Nanotek RSM offers better X-ray protection in thinner layers and weighs less than lead and Nanotek XYZ, but it’s more expensive. MarShield also offers its T-Flex Impregnated Polymers, which is an alternative to lead wool blankets or solid lead parts in the nuclear industry.
“I think that the more popular Nanotek gets, the better pricing will be,” said Aitken. “With it being such a new product, we are also trying to get more people to adopt it. It’s such a new thing that some people almost don’t believe the studies because it’s so effective.”
Evearitt added that there also needs to be an infrastructure in place to make it easy to order and to make people aware that it’s available.
Radiation therapy shielding
When choosing a material to shield a radiation therapy room, photon and neutron attenuation needs to be taken into consideration. Lead, steel and concrete are the main shielding constituents.
Typically, the higher the energy, the more shielding is required. If a linear accelerator has a maximum photon energy above 10 megavolts, the machine is also producing neutrons.
“If you’re using a lead-type shielding it’s an excellent shielding material for photons, but a terrible shielding material for neutrons in terms of shielding effectiveness,” said Robert J. Farrell, CEO of Veritas Medical Solution.
When determining the time and money involved in a project, Veritas needs to know the workload of the machine, the occupancy outside of the room and how often the radiation will be pointing at a particular barrier.
A typical linear accelerator rotates in a single plane around 360 degrees, and the primary radiation is coming out within a defined path around that arc. Accuray’s CyberKnife machine can point anywhere except straight up, so there is a primary barrier anywhere within the room.
For a typical use-factor on a linac, one-fifth of the time it would be pointing at the east wall, one-fifth at the west wall, one-fifth at the ceiling, one-fifth at the floor. The use factor with the CyberKnife is about one-twentieth because it can point anywhere.
When asked what Veritas’ quickest project was, Farrell said it took about three weeks, but that this isn’t the norm. The client had investment milestones that had to be met, and their original plan to pour concrete was going to lose them money because they couldn’t make those commitments.
“We were able to step in and do the engineering and physics in about three weeks, which involved putting the full gas toward it,” said Farrell. “Shipping the materials and getting them installed was done in about three weeks.”

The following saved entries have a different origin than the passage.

(* Let $M$ be a proper metric space and $\chi_1,\dots,\chi_n$ a coarsely transverse collection of switch functions on $M$, and put $X_i=\mathrm{supp}(\chi_i)$. Then $\mathbf 1\wedge\chi_1\wedge\dots\wedge\chi_n$ is a coarse cochain on $M$, and $$[\mathbf 1\wedge\chi_1\wedge\dots\wedge\chi_n]=[\mathbf 1\wedge X_1\wedge\dots\wedge X_n]\in HX^n(M).$$
   Context: Borel sets are identified with their indicator functions; $\mathbf 1$ is the constant function $1$. For $Y\subseteq M$, $Y_R=\{x:d(x,Y)\le R\}$. A coarsely transverse collection of switch functions is a collection of bounded Borel functions $\chi_1,\dots,\chi_n:M\to\mathbb{C}$ such that the sets $\mathrm{supp}(\chi_i),\mathrm{supp}(\mathbf 1-\chi_i)$, $i=1,\dots,n$, are coarsely transverse, i.e. the intersection of their $R$-thickenings is bounded for every $R$. Coarse cohomology: $M^{n+1}$ has the max metric, $\Delta_R$ is the $R$-thickening of the multi-diagonal; a coarse $n$-cochain is a locally bounded Borel $\theta:M^{n+1}\to\mathbb{C}$ with $\mathrm{supp}(\theta)\cap\Delta_R$ bounded for all $R$; $\delta\theta=\sum_{i=0}^{n+1}(-1)^i\pi_i^*\theta$ ($\pi_i$ omits coordinate $i$); $HX^n(M)$ is the cohomology. $f_0\wedge\dots\wedge f_n=\sum_{\sigma\in S_{n+1}}\mathrm{sgn}(\sigma)f_{\sigma_0}\otimes\dots\otimes f_{\sigma_n}$. *)

theory Defs
  imports "HOL-Analysis.Analysis" "HOL-Combinatorics.Permutations"
begin

definition supp :: "('a \<Rightarrow> complex) \<Rightarrow> 'a set" where
  "supp f = {x. f x \<noteq> 0}"

text \<open>R-thickening Y_R = {x. d(x,Y) \<le> R}, with d(x,{}) = \<infinity> (so the thickening of {} is empty).\<close>
definition thickening :: "'a::metric_space set \<Rightarrow> real \<Rightarrow> 'a set" where
  "thickening Y R = {x. Y \<noteq> {} \<and> infdist x Y \<le> R}"

definition coarsely_transverse_switch :: "nat \<Rightarrow> (nat \<Rightarrow> 'a::metric_space \<Rightarrow> complex) \<Rightarrow> bool" where
  "coarsely_transverse_switch n chi \<longleftrightarrow>
     (\<forall>i\<in>{1..n}. chi i \<in> borel_measurable borel \<and> bounded (range (chi i))) \<and>
     (\<forall>R. bounded (\<Inter>i\<in>{1..n}. thickening (supp (chi i)) R
                                   \<inter> thickening (supp (\<lambda>x. 1 - chi i x)) R))"

definition tuples :: "nat \<Rightarrow> (nat \<Rightarrow> 'a) set" where
  "tuples n = {..n} \<rightarrow>\<^sub>E UNIV"

definition dist_max :: "nat \<Rightarrow> (nat \<Rightarrow> 'a::metric_space) \<Rightarrow> (nat \<Rightarrow> 'a) \<Rightarrow> real" where
  "dist_max n x y = Max ((\<lambda>i. dist (x i) (y i)) ` {..n})"

definition bounded_tuples :: "nat \<Rightarrow> (nat \<Rightarrow> 'a::metric_space) set \<Rightarrow> bool" where
  "bounded_tuples n S \<longleftrightarrow> (\<exists>c r. \<forall>x\<in>S. dist_max n x c \<le> r)"

definition diag_thick :: "nat \<Rightarrow> real \<Rightarrow> (nat \<Rightarrow> 'a::metric_space) set" where
  "diag_thick n R = {x \<in> tuples n. \<exists>p. dist_max n x (\<lambda>_. p) \<le> R}"

definition locally_bounded_on_tuples :: "nat \<Rightarrow> ((nat \<Rightarrow> 'a::metric_space) \<Rightarrow> complex) \<Rightarrow> bool" where
  "locally_bounded_on_tuples n \<theta> \<longleftrightarrow>
     (\<forall>x\<in>tuples n. \<exists>e>0. bounded (\<theta> ` {y \<in> tuples n. dist_max n x y < e}))"

definition coarse_cochain :: "nat \<Rightarrow> ((nat \<Rightarrow> 'a::metric_space) \<Rightarrow> complex) \<Rightarrow> bool" where
  "coarse_cochain n \<theta> \<longleftrightarrow>
     \<theta> \<in> borel_measurable (PiM {..n} (\<lambda>_. borel)) \<and>
     locally_bounded_on_tuples n \<theta> \<and>
     (\<forall>R. bounded_tuples n ({x \<in> tuples n. \<theta> x \<noteq> 0} \<inter> diag_thick n R))"

definition omit_coord :: "nat \<Rightarrow> nat \<Rightarrow> (nat \<Rightarrow> 'a) \<Rightarrow> (nat \<Rightarrow> 'a)" where
  "omit_coord n i x = restrict (\<lambda>j. if j < i then x j else x (Suc j)) {..n}"

definition coboundary :: "nat \<Rightarrow> ((nat \<Rightarrow> 'a) \<Rightarrow> complex) \<Rightarrow> (nat \<Rightarrow> 'a) \<Rightarrow> complex" where
  "coboundary n \<theta> x = (\<Sum>i\<le>Suc n. (-1) ^ i * \<theta> (omit_coord n i x))"

definition coarse_cocycle :: "nat \<Rightarrow> ((nat \<Rightarrow> 'a::metric_space) \<Rightarrow> complex) \<Rightarrow> bool" where
  "coarse_cocycle n \<theta> \<longleftrightarrow> coarse_cochain n \<theta> \<and> (\<forall>x\<in>tuples (Suc n). coboundary n \<theta> x = 0)"

text \<open>Equality of classes in HX^n(M): the difference of two cocycles is the coboundary
  of a coarse (n-1)-cochain (for n = 0: the cocycles agree).\<close>
definition same_class :: "nat \<Rightarrow> ((nat \<Rightarrow> 'a::metric_space) \<Rightarrow> complex) \<Rightarrow> ((nat \<Rightarrow> 'a) \<Rightarrow> complex) \<Rightarrow> bool" where
  "same_class n \<theta> \<theta>' \<longleftrightarrow> coarse_cocycle n \<theta> \<and> coarse_cocycle n \<theta>' \<and>
     (if n = 0 then (\<forall>x\<in>tuples 0. \<theta> x = \<theta>' x)
      else (\<exists>\<eta>. coarse_cochain (n - 1) \<eta> \<and>
              (\<forall>x\<in>tuples n. \<theta> x - \<theta>' x = coboundary (n - 1) \<eta> x)))"

definition wedge :: "nat \<Rightarrow> (nat \<Rightarrow> 'a \<Rightarrow> complex) \<Rightarrow> (nat \<Rightarrow> 'a) \<Rightarrow> complex" where
  "wedge n f x = (\<Sum>\<sigma> | \<sigma> permutes {..n}. of_int (sign \<sigma>) * (\<Prod>i\<le>n. f (\<sigma> i) (x i)))"

definition one_then :: "(nat \<Rightarrow> 'a \<Rightarrow> complex) \<Rightarrow> nat \<Rightarrow> 'a \<Rightarrow> complex" where
  "one_then f i = (if i = 0 then (\<lambda>_. 1) else f i)"

end

(* At a point (x_0, ..., x_n), the wedge 1 /\ h_1 /\ ... /\ h_n is the determinant of the
   matrix [f_j(x_i)] with f = (1, h_1, ..., h_n).  Subtracting from each row the previous one
   turns it into the antisymmetrisation of the Alexander-Whitney cup product
   delta h_1 u ... u delta h_n, which is a cocycle.  Replacing chi_i by X_i in such a product
   changes it by the coboundary of an explicit cochain (cup_primitive), built by a telescoping
   Leibniz-rule argument.  A term is nonzero at (x_0, ..., x_n) only
   if, for each i, some x_j lies in supp chi_i and some x_j' in supp (1 - chi_i): otherwise
   chi_i and X_i are both constantly 0 or both constantly 1 on these points.  Any point within
   R of all the x_j then lies in the intersection of the R-thickenings of these sets, which is
   bounded by coarse transversality; so the supports meet Delta_R in bounded sets. *)

theory Submission
  imports Defs "Jordan_Normal_Form.Determinant"
begin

Typically, a project can take three to five years just for the design process. For a project planned for 2025, Veritas is starting the design phase now by selecting the shielding material that is required for the equipment the facility wants.
Farrell cautions facilities to know what machines they want before building the facility. He is currently working with groups that want to build the facility before they select the equipment and it’s a problematic situation.
“They’re building it in such a way that might become more expensive because they are designing it for the worst-case scenario,” said Farrell. “They could have saved some money had they planned it out a little better.”